De hecho, las medidas restrictivas que han tenido que aplicar en Galicia o las cubas de las que dependen en Asturias, son una demostración del problema que enfrentamos. "Llamar a las cisternas en pleno verano es admitir que no se ha hecho absolutamente nada durante el invierno", subraya el portavoz de Greenpeace España.
El agua debe empezar a tratarse como un bien común, finito, vital para la salud pública y la preservación de los ecosistemas, reclama el ecologista. Por eso se debe dejar de gestionar "como una mercancía ilimitada al servicio de grandes intereses económicos".
Desde Greenpeace España consideran que deben aplicarse medidas estructurales como reducir y hacer una gestión preventiva de la demanda, reconvertir el modelo agroindustrial o cerrar inmediatamente todo pozo e infraestructura ilegal. Asimismo, rechazan la construcción de nuevos embalses y piden la reparación urgente de las redes urbanas para evitar las fugas de agua.

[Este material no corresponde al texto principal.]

definition descent_chains ::
    "'a set \<Rightarrow> ('a \<Rightarrow> 'b set) \<Rightarrow> ('a \<Rightarrow> 'b set) \<Rightarrow> nat \<Rightarrow> 'a \<Rightarrow> 'a list set" where
  "descent_chains S L R d y = {xs. length xs = d \<and> last xs = y \<and> descent_chain S L R xs}"

lemma descent_chain_snoc:
  "descent_chain S L R (xs @ [y]) \<longleftrightarrow>
     descent_chain S L R xs \<and> y \<in> S \<and> (xs \<noteq> [] \<longrightarrow> L y \<subseteq> R (last xs))"
  by (auto simp: descent_chain_def successively_append_iff)

lemma finite_descent_chains:
  assumes "finite S"
  shows "finite (descent_chains S L R d y)"
  by (rule finite_subset[OF _ finite_lists_length_eq[OF assms, of d]])
    (auto simp: descent_chains_def descent_chain_def)

lemma descent_chains_one:
  assumes "y \<in> S"
  shows "descent_chains S L R (Suc 0) y = {[y]}"
  using assms by (auto simp: descent_chains_def descent_chain_def length_Suc_conv)

lemma descent_chains_Suc:
  assumes "y \<in> S"
  shows "descent_chains S L R (Suc (Suc d)) y =
    (\<Union>x \<in> {x \<in> S. L y \<subseteq> R x}. (\<lambda>xs. xs @ [y]) ` descent_chains S L R (Suc d) x)"
proof (intro equalityI subsetI)
  fix xs assume xs: "xs \<in> descent_chains S L R (Suc (Suc d)) y"
  then obtain ys where xs_eq: "xs = ys @ [y]" and "length ys = Suc d"
    by (cases xs rule: rev_cases) (auto simp: descent_chains_def)
  then have "ys \<noteq> []" by auto
  from xs xs_eq \<open>length ys = Suc d\<close>
  have "ys \<in> descent_chains S L R (Suc d) (last ys)" "L y \<subseteq> R (last ys)"
    by (auto simp: descent_chains_def descent_chain_snoc)
  moreover from this(1) have "last ys \<in> S"
    using last_in_set[OF \<open>ys \<noteq> []\<close>] by (auto simp: descent_chains_def descent_chain_def)
  ultimately show "xs \<in> (\<Union>x \<in> {x \<in> S. L y \<subseteq> R x}.
      (\<lambda>xs. xs @ [y]) ` descent_chains S L R (Suc d) x)"
    using xs_eq by blast
next
  fix xs
  assume "xs \<in> (\<Union>x \<in> {x \<in> S. L y \<subseteq> R x}. (\<lambda>xs. xs @ [y]) ` descent_chains S L R (Suc d) x)"
  then show "xs \<in> descent_chains S L R (Suc (Suc d)) y"
    using assms by (auto simp: descent_chain_snoc descent_chains_def)
qed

Para ellos, es primordial garantizar los caudales ecológicos y la protección de acuíferos, desarrollar una política forestal contra la desertificación y prohibir el desarrollo de megaproyectos de alto consumo (campos de golf, o complejos turísticos intensivos, entre otros)
Polo, por su parte, cree que ha llegado el momento de repensar el modelo de consumo si queremos evitar una catástrofe. "Si no se puede tener más agua, habrá que empezar a pensar en gastar menos".